### Task instructions
Check every line of the entries below for "subsetI", and copy the lines that have it.

[Stored items]
section \<open>Maximal dyadic blocks\<close>

lemma card_le_2_if_no_three_increasing:
  fixes A :: "'a::linorder set"
  assumes "finite A" "\<And>a b c. a \<in> A \<Longrightarrow> b \<in> A \<Longrightarrow> c \<in> A \<Longrightarrow> a < b \<Longrightarrow> b < c \<Longrightarrow> False"
  shows "card A \<le> 2"
proof (cases "A = {}")
  case False
  have "A \<subseteq> {Min A, Max A}"
    using assms False Min_in Min_le Max_in Max_ge by (metis insertCI order.not_eq_order_implies_strict subsetI)
  then have "card A \<le> card {Min A, Max A}" by (intro card_mono) auto
  also have "\<dots> \<le> 2" by (simp add: card_insert_if)
  finally show ?thesis .
qed simp

text \<open>\<open>block (2^Suc l) (a div 2)\<close> is the parent of the dyadic block \<open>block (2^l) a\<close>.\<close>

definition maximal_dyadic_blocks :: "nat \<Rightarrow> nat \<Rightarrow> nat \<Rightarrow> (nat \<times> nat) set" where
  "maximal_dyadic_blocks L s e = {(l, a). l \<le> L \<and> block (2^l) a \<subseteq> {s..<e} \<and>
     \<not> block (2^Suc l) (a div 2) \<subseteq> {s..<e}}"

lemma maximal_dyadic_blocks_subset:
  "maximal_dyadic_blocks L s e \<subseteq> {..L} \<times> {..<e}"
proof (rule subsetI)
  fix t assume "t \<in> maximal_dyadic_blocks L s e"
  then obtain l a where t: "t = (l, a)" "l \<le> L" "(a + 1) * 2^l \<le> e"
    by (cases t) (auto simp: maximal_dyadic_blocks_def block_subset_iff)
  moreover have "a + 1 \<le> (a + 1) * 2^l" using mult_le_mono2[of 1 "2^l" "a + 1"] by simp
  ultimately show "t \<in> {..L} \<times> {..<e}" by simp
qed

lemma maximal_dyadic_blocks_cover:
  assumes "e \<le> 2^L" "k \<in> {s..<e}"
  shows "\<exists>(l, a)\<in>maximal_dyadic_blocks L s e. k \<in> block (2^l) a"
proof -
  define M where "M = {l. l \<le> L \<and> block (2^l) (k div 2^l) \<subseteq> {s..<e}}"
  have "0 \<in> M" using assms(2) by (auto simp: M_def mem_block_iff)
  moreover have "finite M" by (simp add: M_def)
  ultimately have l: "Max M \<in> M" "\<And>l. l \<in> M \<Longrightarrow> l \<le> Max M"
    by (auto intro: Max_in)
  define l where "l = Max M"
  have parent: "k div 2^l div 2 = k div 2^Suc l"
    by (metis div_mult2_eq power_Suc2)
  have "\<not> block (2^Suc l) (k div 2^l div 2) \<subseteq> {s..<e}"
  proof
    assume inside: "block (2^Suc l) (k div 2^l div 2) \<subseteq> {s..<e}"
    show False
    proof (cases "l < L")
      case True
      then have "Suc l \<in> M" using inside parent by (simp add: M_def)
      then show False using l(2) by (fastforce simp: l_def)
    next
      case False
      have "(k div 2^l div 2 + 1) * 2^Suc l \<le> e"
        using inside by (simp add: block_subset_iff)
      moreover have "2^Suc l \<le> (k div 2^l div 2 + 1) * 2^Suc l" by simp
      ultimately have "2^Suc l \<le> e" by (rule order_trans[rotated])
      moreover have "l = L" using False l(1) by (simp add: l_def M_def)
      ultimately have "2 * 2^L \<le> e" by simp
      moreover have "(0::nat) < 2^L" by simp
      ultimately show False using assms(1) by linarith
    qed
  qed
  then have "(l, k div 2^l) \<in> maximal_dyadic_blocks L s e"
    using l(1) by (simp add: maximal_dyadic_blocks_def l_def M_def)
  moreover have "k \<in> block (2^l) (k div 2^l)" by (simp add: mem_block_iff)
  ultimately show ?thesis by blast
qed

lemma maximal_dyadic_blocks_disjoint:
  assumes "(l, a) \<in> maximal_dyadic_blocks L s e" "(l', a') \<in> maximal_dyadic_blocks L s e"
    and "(l, a) \<noteq> (l', a')"
  shows "block (2^l) a \<inter> block (2^l') a' = {}"
proof -
  have disjoint: "block (2^l) a \<inter> block (2^l') a' = {}"
    if "(l, a) \<in> maximal_dyadic_blocks L s e" "(l', a') \<in> maximal_dyadic_blocks L s e"
      and "(l, a) \<noteq> (l', a')" "l \<le> l'" for l a l' a'
  proof (rule ccontr)
    assume "block (2^l) a \<inter> block (2^l') a' \<noteq> {}"
    then obtain k where "k \<in> block (2^l) a" "k \<in> block (2^l') a'" by blast
    then have a: "a = k div 2^l" "a' = k div 2^l'" by (simp_all add: mem_block_iff)
    then have "Suc l \<le> l'" using that(3,4) by (cases "l = l'") auto
    then have "block (2^Suc l) (k div 2^Suc l) \<subseteq> block (2^l') a'"
      using block_pow2_mono a(2) by blast
    moreover have "a div 2 = k div 2^Suc l" using a by (metis div_mult2_eq power_Suc2)
    ultimately show False
      using that(1,2) by (auto simp: maximal_dyadic_blocks_def)
  qed
  show ?thesis
  proof (cases "l \<le> l'")
    case True
    then show ?thesis using disjoint[OF assms] by simp
  next
    case False
    then show ?thesis using disjoint[OF assms(2,1)] assms(3) by (simp add: Int_commute)
  qed
qed

lemma finite_maximal_dyadic_blocks_level: "finite {a. (l, a) \<in> maximal_dyadic_blocks L s e}"
proof -
  have "{a. (l, a) \<in> maximal_dyadic_blocks L s e} \<subseteq> {..<e}"
    using maximal_dyadic_blocks_subset by blast
  then show ?thesis by (rule finite_subset) simp
qed
(* Let $\mathfrak{S}=(\mathcal{X},\mathsf{S},\gamma,(\Lambda_{a})_{a\in\mathcal{A}})$ be a spectral decomposition system for the Euclidean space $\mathfrak{H}$ and let $D$ be a nonempty $\mathsf{S}$-invariant subset of $\mathcal{X}$. Then: (i) $\operatorname{conv}\gamma^{-1}(D)=\gamma^{-1}(\operatorname{conv}D)$; (ii) if $D$ is convex, then $\operatorname{ext}\gamma^{-1}(D)=\gamma^{-1}(\operatorname{ext}D)$.
   Context: A Euclidean space is a finite-dimensional real inner product space; inner products are written $\langle\cdot,\cdot\rangle$ and norms $\|\cdot\|$. Let $\mathfrak{H}$ and $\mathcal{X}$ be Euclidean spaces, let $\mathsf{S}$ be a group acting on $\mathcal{X}$ by linear isometries, let $\gamma\colon\mathfrak{H}\to\mathcal{X}$, and let $(\Lambda_a)_{a\in\mathcal{A}}$ be a family of linear operators from $\mathcal{X}$ to $\mathfrak{H}$. The orbit of $x$ is $\mathsf{S}\cdot x=\{s\cdot x: s\in\mathsf{S}\}$; a map $f$ on $\mathcal{X}$ is $\mathsf{S}$-invariant if $f(s\cdot x)=f(x)$ for all $s,x$; a subset $D$ of $\mathcal{X}$ is $\mathsf{S}$-invariant if $s\cdot x\in D$ whenever $x\in D$, $s\in\mathsf{S}$. The tuple is a spectral decomposition system for $\mathfrak{H}$ if: [A] every $\Lambda_a$ is an isometry; [B] there exists an $\mathsf{S}$-invariant $\tau\colon\mathcal{X}\to\mathcal{X}$ with $\tau(x)\in\mathsf{S}\cdot x$ for all $x$ and $\gamma\circ\Lambda_a=\tau$ for all $a$; [C] for every $X\in\mathfrak{H}$ there is $a$ with $X=\Lambda_a\gamma(X)$; [D] $\langle X,Y\rangle\leq\langle\gamma(X),\gamma(Y)\rangle$ for all $X,Y\in\mathfrak{H}$. $\operatorname{conv}C$ is the convex hull of $C$; for convex $C$, $\operatorname{ext}C$ is its set of extreme points. *)

theory Defs
  imports "HOL-Analysis.Analysis" "HOL-Algebra.Group"
begin

definition isometric_action :: "('g, 'm) monoid_scheme \<Rightarrow> ('g \<Rightarrow> 'x::euclidean_space \<Rightarrow> 'x) \<Rightarrow> bool" where
  "isometric_action G act \<longleftrightarrow>
     group G \<and>
     (\<forall>x. act \<one>\<^bsub>G\<^esub> x = x) \<and>
     (\<forall>g\<in>carrier G. \<forall>h\<in>carrier G. \<forall>x. act (g \<otimes>\<^bsub>G\<^esub> h) x = act g (act h x)) \<and>
     (\<forall>g\<in>carrier G. linear (act g) \<and> (\<forall>x. norm (act g x) = norm x))"

definition orbit :: "('g, 'm) monoid_scheme \<Rightarrow> ('g \<Rightarrow> 'x \<Rightarrow> 'x) \<Rightarrow> 'x \<Rightarrow> 'x set" where
  "orbit G act x = {act g x | g. g \<in> carrier G}"

definition invariant_fun :: "('g, 'm) monoid_scheme \<Rightarrow> ('g \<Rightarrow> 'x \<Rightarrow> 'x) \<Rightarrow> ('x \<Rightarrow> 'b) \<Rightarrow> bool" where
  "invariant_fun G act f \<longleftrightarrow> (\<forall>g\<in>carrier G. \<forall>x. f (act g x) = f x)"

definition invariant_set :: "('g, 'm) monoid_scheme \<Rightarrow> ('g \<Rightarrow> 'x \<Rightarrow> 'x) \<Rightarrow> 'x set \<Rightarrow> bool" where
  "invariant_set G act D \<longleftrightarrow> (\<forall>g\<in>carrier G. \<forall>x\<in>D. act g x \<in> D)"

definition spectral_decomposition_system ::
  "('g, 'm) monoid_scheme \<Rightarrow> ('g \<Rightarrow> 'x::euclidean_space \<Rightarrow> 'x) \<Rightarrow> ('h::euclidean_space \<Rightarrow> 'x)
   \<Rightarrow> ('a \<Rightarrow> 'x \<Rightarrow> 'h) \<Rightarrow> bool" where
  "spectral_decomposition_system G act \<gamma> \<Lambda> \<longleftrightarrow>
     isometric_action G act \<and>
     (\<forall>a. linear (\<Lambda> a) \<and> (\<forall>x. norm (\<Lambda> a x) = norm x)) \<and>
     (\<exists>\<tau>. invariant_fun G act \<tau> \<and> (\<forall>x. \<tau> x \<in> orbit G act x) \<and> (\<forall>a. \<gamma> \<circ> \<Lambda> a = \<tau>)) \<and>
     (\<forall>X. \<exists>a. X = \<Lambda> a (\<gamma> X)) \<and>
     (\<forall>X Y. inner X Y \<le> inner (\<gamma> X) (\<gamma> Y))"

definition ext :: "'v::real_vector set \<Rightarrow> 'v set" where
  "ext C = {x. x extreme_point_of C}"

end

theory Submission
  imports Defs
begin
theorem corollary4:
  fixes L :: "real \<Rightarrow> complex"
  assumes L_cont: "continuous_on UNIV L"
    and L_0: "L 0 = 0"
    and L_log: "\<And>s. exp (L s) = complex_of_real (phiT s)"
  shows "(\<forall>t>0.
            set_integrable lborel {0<..} (\<lambda>s. cnj (L s) * complex_of_real (exp (- (t * s)))) \<and>
            V_free L t = \<i> * complex_of_real (t * (ln (t / 2) - betaF (t / 2) - Digamma (t / 2))) \<and>
            V_free L t = \<i> * complex_of_real (t * (ln (t / 4) - Digamma (t / 4 + 1 / 2))))
       \<and> (\<forall>s>0. 2 * Digamma (2 * s) - Digamma s - Digamma (s + 1 / 2) = 2 * ln (2::real))"
proof (intro conjI allI impI)
  fix t :: real assume t: "t > 0"
  have L_eq: "L = (\<lambda>s. complex_of_real (ln (phiT s)))"
    using continuous_log_eq_ln[OF connected_UNIV L_cont, of 0 phiT] L_0 L_log phiT_pos by auto
  note V = V_free_real_exponent[OF has_bochner_integral_ln_phiT_times_exp[OF t]]
  show "set_integrable lborel {0<..} (\<lambda>s. cnj (L s) * complex_of_real (exp (- (t * s))))"
    using V(1) by (simp add: L_eq)
  show V_quarter: "V_free L t = \<i> * complex_of_real (t * (ln (t / 4) - Digamma (t / 4 + 1 / 2)))"
    using V(2) t by (simp add: L_eq power2_eq_square)
  have "ln (t / 2) - betaF (t / 2) - Digamma (t / 2) = ln (t / 4) - Digamma (t / 4 + 1 / 2)"
    using ln_minus_betaF_minus_Digamma[of "t/2"] t by simp
  with V_quarter show "V_free L t = \<i> * complex_of_real (t * (ln (t / 2) - betaF (t / 2) - Digamma (t / 2)))"
    by simp
qed (rule Digamma_duplication_real)

end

### Exercise result
    using assms False Min_in Min_le Max_in Max_ge by (metis insertCI order.not_eq_order_implies_strict subsetI)
proof (rule subsetI)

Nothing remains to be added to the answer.